Filter these entries down to lines holding "imports".

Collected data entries
•••

(* Let $\sigma\in S_k$ be a $213$-avoiding permutation, i.e. there are no $1\le i_1<i_2<i_3\le k$ with $\sigma(i_2)<\sigma(i_1)<\sigma(i_3)$. Then there exists a strongly regular bi-sequence $\mathcal A$ of length $k$ such that $\sigma=\sigma_0(\mathcal A)$.
   Context: A bi-sequence of length $k$ is a pair $\mathcal A=\begin{pmatrix}a_1&\cdots&a_k\\ b_1&\cdots&b_k\end{pmatrix}$ of integer sequences with $a_1\le\cdots\le a_k$, $b_1\ge\cdots\ge b_k$, and $a_i\le b_{k+1-i}+1$ for all $i$. It is regular if the $a_i$ are pairwise distinct and the $b_i$ are pairwise distinct; it is strongly regular if it is regular and $\{a_1,\dots,a_k\}\cap\{b_1+1,\dots,b_k+1\}=\emptyset$. The permutation $\sigma_0(\mathcal A)\in S_k$ is defined recursively for $i=k,k-1,\dots,1$ by $\sigma_0^{-1}(i)=\max\{j\notin\sigma_0^{-1}(\{i+1,\dots,k\}) : a_j\le b_i+1\}$. *)

theory Defs
  imports "HOL-Combinatorics.Permutations"
begin

text \<open>Sequences of length k are functions nat => int, indexed by 1..k.\<close>

definition bi_sequence :: "nat \<Rightarrow> (nat \<Rightarrow> int) \<Rightarrow> (nat \<Rightarrow> int) \<Rightarrow> bool" where
  "bi_sequence k a b \<longleftrightarrow>
     (\<forall>i j. 1 \<le> i \<and> i \<le> j \<and> j \<le> k \<longrightarrow> a i \<le> a j) \<and>
     (\<forall>i j. 1 \<le> i \<and> i \<le> j \<and> j \<le> k \<longrightarrow> b i \<ge> b j) \<and>
     (\<forall>i\<in>{1..k}. a i \<le> b (k + 1 - i) + 1)"

definition regular_bi_sequence :: "nat \<Rightarrow> (nat \<Rightarrow> int) \<Rightarrow> (nat \<Rightarrow> int) \<Rightarrow> bool" where
  "regular_bi_sequence k a b \<longleftrightarrow>
     bi_sequence k a b \<and> inj_on a {1..k} \<and> inj_on b {1..k}"

definition strongly_regular_bi_sequence :: "nat \<Rightarrow> (nat \<Rightarrow> int) \<Rightarrow> (nat \<Rightarrow> int) \<Rightarrow> bool" where
  "strongly_regular_bi_sequence k a b \<longleftrightarrow>
     regular_bi_sequence k a b \<and> a ` {1..k} \<inter> (\<lambda>i. b i + 1) ` {1..k} = {}"

text \<open>sig0_inv_list k a b n = [sigma0^-1(k), sigma0^-1(k-1), ..., sigma0^-1(k-n+1)]\<close>
primrec sig0_inv_list :: "nat \<Rightarrow> (nat \<Rightarrow> int) \<Rightarrow> (nat \<Rightarrow> int) \<Rightarrow> nat \<Rightarrow> nat list" where
  "sig0_inv_list k a b 0 = []"
| "sig0_inv_list k a b (Suc n) =
     (let used = sig0_inv_list k a b n
      in used @ [Max {j \<in> {1..k}. j \<notin> set used \<and> a j \<le> b (k - n) + 1}])"

definition sig0_inv :: "nat \<Rightarrow> (nat \<Rightarrow> int) \<Rightarrow> (nat \<Rightarrow> int) \<Rightarrow> nat \<Rightarrow> nat" where
  "sig0_inv k a b i = sig0_inv_list k a b k ! (k - i)"

definition sigma0 :: "nat \<Rightarrow> (nat \<Rightarrow> int) \<Rightarrow> (nat \<Rightarrow> int) \<Rightarrow> nat \<Rightarrow> nat" where
  "sigma0 k a b j = (if j \<in> {1..k} then (THE i. i \<in> {1..k} \<and> sig0_inv k a b i = j) else j)"

definition avoids_213 :: "nat \<Rightarrow> (nat \<Rightarrow> nat) \<Rightarrow> bool" where
  "avoids_213 k \<sigma> \<longleftrightarrow>
     \<not> (\<exists>i1 i2 i3. 1 \<le> i1 \<and> i1 < i2 \<and> i2 < i3 \<and> i3 \<le> k \<and>
            \<sigma> i2 < \<sigma> i1 \<and> \<sigma> i1 < \<sigma> i3)"

end

theory Submission
  imports Defs
begin

text \<open>Put \<open>P = \<sigma>\<inverse>\<close> and let \<open>N i = max P{i..k}\<close> be the suffix maxima of \<open>P\<close>.
  Choose \<open>a\<^sub>j = M j\<close> and \<open>b\<^sub>i = M N(i) + (k - i) + 1\<close> with \<open>M = k + 2\<close>: then
  \<open>a\<^sub>j \<le> b\<^sub>i + 1\<close> holds exactly when \<open>j \<le> N(i)\<close>, the \<open>b\<^sub>i\<close> strictly decrease and \<open>a\<^sub>j \<noteq> b\<^sub>i + 1\<close>,
  so the bi-sequence is strongly regular. In step \<open>i\<close> the recursion for \<open>\<sigma>\<^sub>0\<inverse>\<close> picks the
  largest position \<open>j \<le> N(i)\<close> not among \<open>P(i+1), \<dots>, P(k)\<close>. This is \<open>P(i)\<close>: a larger
  such \<open>j\<close> would lie strictly between \<open>P(i)\<close> and the position \<open>P(q) = N(i)\<close>, \<open>q > i\<close>, and
  carry a value \<open>\<sigma>(j) < i\<close>, so \<open>P(i), j, P(q)\<close> would be an occurrence of \<open>213\<close>.\<close>

lemma card_le_Max_of_positive:
  fixes S :: "nat set"
  assumes "finite S" "S \<noteq> {}" "\<forall>x\<in>S. 1 \<le> x"
  shows "card S \<le> Max S"
proof -
  have "S \<subseteq> {1..Max S}" using assms by auto
  then have "card S \<le> card {1..Max S}" by (intro card_mono) auto
  then show ?thesis by simp
qed

lemma mult_le_mult_add_iff:
  fixes M j n c :: int
  assumes "0 \<le> c" "c < M"
  shows "M * j \<le> M * n + c \<longleftrightarrow> j \<le> n"
proof
  assume le: "M * j \<le> M * n + c"
  show "j \<le> n"
  proof (rule ccontr)
    assume "\<not> j \<le> n"
    then have "M * (n + 1) \<le> M * j" using assms by (intro mult_left_mono) auto
    then show False using le assms by (simp add: algebra_simps)
  qed
next
  assume "j \<le> n"
  then show "M * j \<le> M * n + c" using assms by (simp add: mult_left_mono add_increasing2)
qed

lemma mult_ne_mult_add:
  fixes M j n c :: int
  assumes "0 < c" "c < M"
  shows "M * j \<noteq> M * n + c"
proof
  assume "M * j = M * n + c"
  then have "M dvd c" by (metis add_diff_cancel_left' dvd_diff dvd_triv_left)
  then show False using assms zdvd_not_zless by blast
qed

lemma image_suffix_eq_set_map:
  assumes "n \<le> k"
  shows "set (map (\<lambda>t. P (k - t)) [0..<n]) = P ` {k - n + 1..k}"
proof -
  have "(\<lambda>t. k - t) ` {0..<n} = {k - n + 1..k}"
  proof
    show "{k - n + 1..k} \<subseteq> (\<lambda>t. k - t) ` {0..<n}"
    proof
      fix x assume "x \<in> {k - n + 1..k}"
      then show "x \<in> (\<lambda>t. k - t) ` {0..<n}"
        using assms by (intro image_eqI[of _ _ "k - x"]) auto
    qed
  qed (use assms in auto)
  moreover have "set (map (\<lambda>t. P (k - t)) [0..<n]) = P ` (\<lambda>t. k - t) ` {0..<n}"
    by (simp add: image_image)
  ultimately show ?thesis by simp
qed

context
  fixes k :: nat and a b :: "nat \<Rightarrow> int" and \<sigma> :: "nat \<Rightarrow> nat"
  assumes perm: "\<sigma> permutes {1..k}"
    and greedy: "\<And>i. i \<in> {1..k} \<Longrightarrow>
      Max {j \<in> {1..k}. j \<notin> inv \<sigma> ` {i + 1..k} \<and> a j \<le> b i + 1} = inv \<sigma> i"
begin

lemma sig0_inv_list_eq_greedy:
  "n \<le> k \<Longrightarrow> sig0_inv_list k a b n = map (\<lambda>t. inv \<sigma> (k - t)) [0..<n]"
proof (induction n)
  case 0
  then show ?case by simp
next
  case (Suc n)
  have "k - n \<in> {1..k}" using Suc.prems by auto
  with Suc greedy[of "k - n"] image_suffix_eq_set_map[of n k "inv \<sigma>"] show ?case
    by (simp add: Let_def)
qed

lemma sig0_inv_eq_inv: "i \<in> {1..k} \<Longrightarrow> sig0_inv k a b i = inv \<sigma> i"
  using sig0_inv_list_eq_greedy[of k] unfolding sig0_inv_def by (simp add: nth_map)

lemma sigma0_eq_greedy: "sigma0 k a b = \<sigma>"
proof
  fix j
  show "sigma0 k a b j = \<sigma> j"
  proof (cases "j \<in> {1..k}")
    case True
    have "(THE i. i \<in> {1..k} \<and> sig0_inv k a b i = j) = \<sigma> j"
    proof (rule the_equality)
      have "\<sigma> j \<in> {1..k}" using True permutes_in_image[OF perm] by blast
      then show "\<sigma> j \<in> {1..k} \<and> sig0_inv k a b (\<sigma> j) = j"
        using perm sig0_inv_eq_inv by (simp add: permutes_inverses(2))
    next
      fix i assume "i \<in> {1..k} \<and> sig0_inv k a b i = j"
      then show "i = \<sigma> j" using perm sig0_inv_eq_inv by (metis permutes_inverses(1))
    qed
    then show ?thesis using True unfolding sigma0_def by simp
  next
    case False
    then show ?thesis
      unfolding sigma0_def if_not_P[OF False] using permutes_not_in[OF perm False] by simp
  qed
qed

end

definition suffix_max :: "(nat \<Rightarrow> nat) \<Rightarrow> nat \<Rightarrow> nat \<Rightarrow> nat" where
  "suffix_max P k i = Max (P ` {i..k})"

lemma suffix_max_ge: "i \<le> q \<Longrightarrow> q \<le> k \<Longrightarrow> P q \<le> suffix_max P k i"
  unfolding suffix_max_def by (intro Max_ge) auto

lemma suffix_max_attained: "i \<le> k \<Longrightarrow> \<exists>q\<in>{i..k}. suffix_max P k i = P q"
proof -
  assume "i \<le> k"
  then have "suffix_max P k i \<in> P ` {i..k}" unfolding suffix_max_def by (intro Max_in) auto
  then show ?thesis by auto
qed

lemma suffix_max_antimono: "i \<le> j \<Longrightarrow> j \<le> k \<Longrightarrow> suffix_max P k j \<le> suffix_max P k i"
  unfolding suffix_max_def by (intro Max_mono) auto

lemma le_suffix_max_complement:
  assumes "P permutes {1..k}" "i \<in> {1..k}"
  shows "i \<le> suffix_max P k (k + 1 - i)"
proof -
  have "card (P ` {k + 1 - i..k}) = card {k + 1 - i..k}"
    using assms(1) by (intro card_image inj_on_subset[OF permutes_inj_on]) auto
  also have "\<dots> = i" using assms(2) by auto
  finally have "card (P ` {k + 1 - i..k}) = i" .
  moreover have "\<forall>x\<in>P ` {k + 1 - i..k}. 1 \<le> x"
    using assms permutes_in_image[OF assms(1)] by fastforce
  ultimately have "i \<le> Max (P ` {k + 1 - i..k})"
    using assms(2) card_le_Max_of_positive[of "P ` {k + 1 - i..k}"] by auto
  then show ?thesis unfolding suffix_max_def .
qed

lemma greedy_choice_avoiding_213:
  assumes perm: "\<sigma> permutes {1..k}" and avoids: "avoids_213 k \<sigma>" and i: "i \<in> {1..k}"
  shows "Max {j \<in> {1..k}. j \<notin> inv \<sigma> ` {i + 1..k} \<and> j \<le> suffix_max (inv \<sigma>) k i} = inv \<sigma> i"
    (is "Max ?C = _")
proof (rule Max_eqI)
  let ?P = "inv \<sigma>"
  have P_perm: "?P permutes {1..k}" using perm by (rule permutes_inv)
  have \<sigma>_P: "\<sigma> (?P x) = x" and P_\<sigma>: "?P (\<sigma> x) = x" for x
    using permutes_inverses[OF perm] by auto
  have P_in: "?P x \<in> {1..k}" and \<sigma>_in: "\<sigma> x \<in> {1..k}" if "x \<in> {1..k}" for x
    using that permutes_in_image[OF P_perm] permutes_in_image[OF perm] by blast+
  show "finite ?C" by auto
  have "?P i \<notin> ?P ` {i + 1..k}"
  proof
    assume "?P i \<in> ?P ` {i + 1..k}"
    then obtain x where "x \<in> {i + 1..k}" "?P i = ?P x" by blast
    then show False using \<sigma>_P[of i] \<sigma>_P[of x] by simp
  qed
  then show "?P i \<in> ?C"
    using P_in[OF i] suffix_max_ge[of i i k ?P] i by auto
  fix j assume "j \<in> ?C"
  then have j: "j \<in> {1..k}" "j \<notin> ?P ` {i + 1..k}" "j \<le> suffix_max ?P k i" by auto
  show "j \<le> ?P i"
  proof (rule ccontr)
    assume "\<not> j \<le> ?P i"
    then have Pi_less: "?P i < j" by simp
    obtain q where q: "q \<in> {i..k}" "suffix_max ?P k i = ?P q"
      using suffix_max_attained[of i k ?P] i by auto
    have "q \<noteq> i" using q j Pi_less by auto
    with q have q_gt: "i < q" by auto
    then have "j \<noteq> ?P q" using q j(2) by auto
    with q j have j_less: "j < ?P q" by auto
    have "\<sigma> j \<notin> {i + 1..k}" using j(2) rev_image_eqI[of "\<sigma> j" _ j ?P] P_\<sigma>[of j] by auto
    moreover have "\<sigma> j \<noteq> i" using Pi_less P_\<sigma>[of j] by auto
    ultimately have "\<sigma> j < i" using \<sigma>_in[OF j(1)] by auto
    moreover have "1 \<le> ?P i" "?P q \<le> k" using P_in i q by auto
    ultimately have "1 \<le> ?P i \<and> ?P i < j \<and> j < ?P q \<and> ?P q \<le> k \<and>
        \<sigma> j < \<sigma> (?P i) \<and> \<sigma> (?P i) < \<sigma> (?P q)"
      using Pi_less j_less q_gt \<sigma>_P by auto
    then show False using avoids unfolding avoids_213_def by blast
  qed
qed

definition witness_top :: "nat \<Rightarrow> nat \<Rightarrow> int" where
  "witness_top k j = int (k + 2) * int j"

definition witness_bottom :: "(nat \<Rightarrow> nat) \<Rightarrow> nat \<Rightarrow> nat \<Rightarrow> int" where
  "witness_bottom P k i = int (k + 2) * int (suffix_max P k i) + int (k - i) + 1"

lemma witness_top_le_bottom_iff:
  "i \<in> {1..k} \<Longrightarrow> witness_top k j \<le> witness_bottom P k i + 1 \<longleftrightarrow> j \<le> suffix_max P k i"
  unfolding witness_top_def witness_bottom_def
  using mult_le_mult_add_iff[of "int (k - i) + 2" "int (k + 2)" "int j" "int (suffix_max P k i)"]
  by (simp add: add.assoc)

lemma witness_top_ne_bottom:
  "i \<in> {1..k} \<Longrightarrow> witness_top k j \<noteq> witness_bottom P k i + 1"
  unfolding witness_top_def witness_bottom_def
  using mult_ne_mult_add[of "int (k - i) + 2" "int (k + 2)" "int j" "int (suffix_max P k i)"]
  by (simp add: add.assoc)

lemma witness_bottom_strict_decreasing:
  assumes "i < j" "j \<le> k"
  shows "witness_bottom P k j < witness_bottom P k i"
proof -
  have "int (k + 2) * int (suffix_max P k j) \<le> int (k + 2) * int (suffix_max P k i)"
    using suffix_max_antimono[of i j k P] assms by (intro mult_left_mono) auto
  then show ?thesis using assms unfolding witness_bottom_def by linarith
qed

lemma strongly_regular_witness:
  assumes "P permutes {1..k}"
  shows "strongly_regular_bi_sequence k (witness_top k) (witness_bottom P k)"
  unfolding strongly_regular_bi_sequence_def regular_bi_sequence_def bi_sequence_def
proof (intro conjI allI impI ballI)
  fix i j assume ij: "1 \<le> i \<and> i \<le> j \<and> j \<le> k"
  then show "witness_top k i \<le> witness_top k j"
    unfolding witness_top_def by (intro mult_left_mono) auto
  show "witness_bottom P k j \<le> witness_bottom P k i"
    using ij witness_bottom_strict_decreasing[of i j k P] by (cases "i = j") auto
next
  fix i assume "i \<in> {1..k}"
  moreover have "k + 1 - i \<in> {1..k}" using \<open>i \<in> {1..k}\<close> by auto
  ultimately show "witness_top k i \<le> witness_bottom P k (k + 1 - i) + 1"
    using witness_top_le_bottom_iff le_suffix_max_complement[OF assms] by blast
next
  show "inj_on (witness_top k) {1..k}" by (auto simp: inj_on_def witness_top_def)
  show "inj_on (witness_bottom P k) {1..k}"
  proof (rule linorder_inj_onI)
    fix x y assume "x < y" "y \<in> {1..k}"
    then show "witness_bottom P k x \<noteq> witness_bottom P k y"
      using witness_bottom_strict_decreasing[of x y k P] by simp
  qed auto
  show "witness_top k ` {1..k} \<inter> (\<lambda>i. witness_bottom P k i + 1) ` {1..k} = {}"
    using witness_top_ne_bottom by blast
qed

theorem mainTheorem3:
  fixes k :: nat and \<sigma> :: "nat \<Rightarrow> nat"
  assumes "\<sigma> permutes {1..k}"
    and "avoids_213 k \<sigma>"
  shows "\<exists>a b :: nat \<Rightarrow> int. strongly_regular_bi_sequence k a b \<and> \<sigma> = sigma0 k a b"
proof (intro exI conjI)
  let ?a = "witness_top k" and ?b = "witness_bottom (inv \<sigma>) k"
  show "strongly_regular_bi_sequence k ?a ?b"
    using assms(1) by (intro strongly_regular_witness permutes_inv)
  have "Max {j \<in> {1..k}. j \<notin> inv \<sigma> ` {i + 1..k} \<and> ?a j \<le> ?b i + 1} = inv \<sigma> i"
    if "i \<in> {1..k}" for i
    using greedy_choice_avoiding_213[OF assms that] witness_top_le_bottom_iff[OF that] by simp
  then show "\<sigma> = sigma0 k ?a ?b"
    using sigma0_eq_greedy[OF assms(1)] by simp
qed

end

•••

Exercise solution =
  imports "HOL-Combinatorics.Permutations"
  imports Defs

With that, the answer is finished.